Politik

Proteste vor AfD-Parteitag spitzen sich zu

AfD-Parteitag in Passau: Schon am Morgen formieren sich 1000 Gegner – und die Lage könnte noch eskalieren.

20.06.2026, 09:52 Uhr

AfD-Parteitag in Passau von Protesten begleitet

Während die bayerische AfD zu ihrem zweitägigen Landesparteitag in Passau zusammenkommt, regt sich in der Stadt deutlicher Widerstand. Nach Angaben der Polizei versammelten sich bereits Stunden vor dem Beginn am Samstag rund 1.000 Gegendemonstranten in der Innenstadt. Der Parteitag findet in der Dreiländerhalle statt, wo auch die größte Kundgebung geplant ist.

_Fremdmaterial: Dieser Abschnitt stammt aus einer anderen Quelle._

(* Let $(V,\|\cdot\|_V)$ be a separable real Banach space, let $(\Omega,\mathcal F,\mathbb P)$ be a probability space, let $A\colon D(A)\subseteq V\to V$ be the generator of a strongly continuous semigroup $(e^{tA})_{t\ge0}$, let $O\colon[0,T]\times\Omega\to V$ be a stochastic process, and let $T,h\in(0,\infty)$, $Y\colon[0,T]\times\Omega\to V$ a mapping, and $F\colon V^2\to V$ a $\mathcal B(V^2)/\mathcal B(V)$-measurable function satisfy for all $t\in[0,T]$ (and all $\omega\in\Omega$) that $Y_t=\int_0^te^{(t-s)A}F(Y_{\lfloor s\rfloor_h},O_{\lfloor s\rfloor_h})\,ds+O_t$. Then $Y\colon[0,T]\times\Omega\to V$ is a stochastic process and $Y-O\colon[0,T]\times\Omega\to V$ is a stochastic process with right-continuous sample paths.
   Context: For $h>0$, $\lfloor t\rfloor_h=\max((-\infty,t]\cap\{0,h,-h,2h,-2h,\dots\})$. A stochastic process is a mapping $Z\colon[0,T]\times\Omega\to V$ such that each $Z_t$ is $\mathcal F/\mathcal B(V)$-measurable. *)

theory Defs
  imports "HOL-Analysis.Analysis" "HOL-Probability.Probability"
begin

definition floorh :: "real \<Rightarrow> real \<Rightarrow> real" where
  "floorh h t = (GREATEST x. x \<le> t \<and> (\<exists>k::int. x = of_int k * h))"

Für die verschiedenen Demonstrationen und Versammlungen sind insgesamt etwa 5.000 Teilnehmer angemeldet. Nach Polizeiangaben kam es am Morgen zu einzelnen Störungen: So wurde eine Rauchbombe gezündet, zudem versuchten Demonstranten, eine Straße zu blockieren. Bei einem Protestzug wollten einige Teilnehmer außerdem von der genehmigten Route abweichen.

Mehrere hundert Polizeikräfte sind im Einsatz, um die Sicherheit von Teilnehmern und Anwohnern zu gewährleisten. Rund um die Dreiländerhalle gilt am Samstag zudem eine Flugverbotszone, die auch Drohnen einschließt.

Neuwahlen mit Kampfabstimmung

Im Mittelpunkt des Parteitags steht die komplette Neuwahl des Landesvorstands. Bereits beim Vorsitz kommt es zu einer Kampfabstimmung: Der AfD-Bundestagsabgeordnete Reinhard Mixl tritt gegen den bisherigen Landeschef Stephan Protschka an, der ebenfalls dem Bundestag angehört. Beide Bewerber haben eigene Teams um sich versammelt, zu denen auch Abgeordnete aus Bundestag und Landtag zählen.

Nach außen bemühten sich Protschka und Mixl im Vorfeld um demonstrative Geschlossenheit. Hinter den Kulissen soll jedoch ein erbitterter Machtkampf laufen. Sichtbar wurde das unter anderem in einem Schreiben aus dem Lager Protschkas an den Bundesvorstand. Darin wird von einem gezielten Versuch gesprochen, mithilfe externer Netzwerke Einfluss auf die freie Willensbildung des Landesverbands zu nehmen. Protschka sieht sich nach eigenen Angaben zudem Druck und Drohungen ausgesetzt.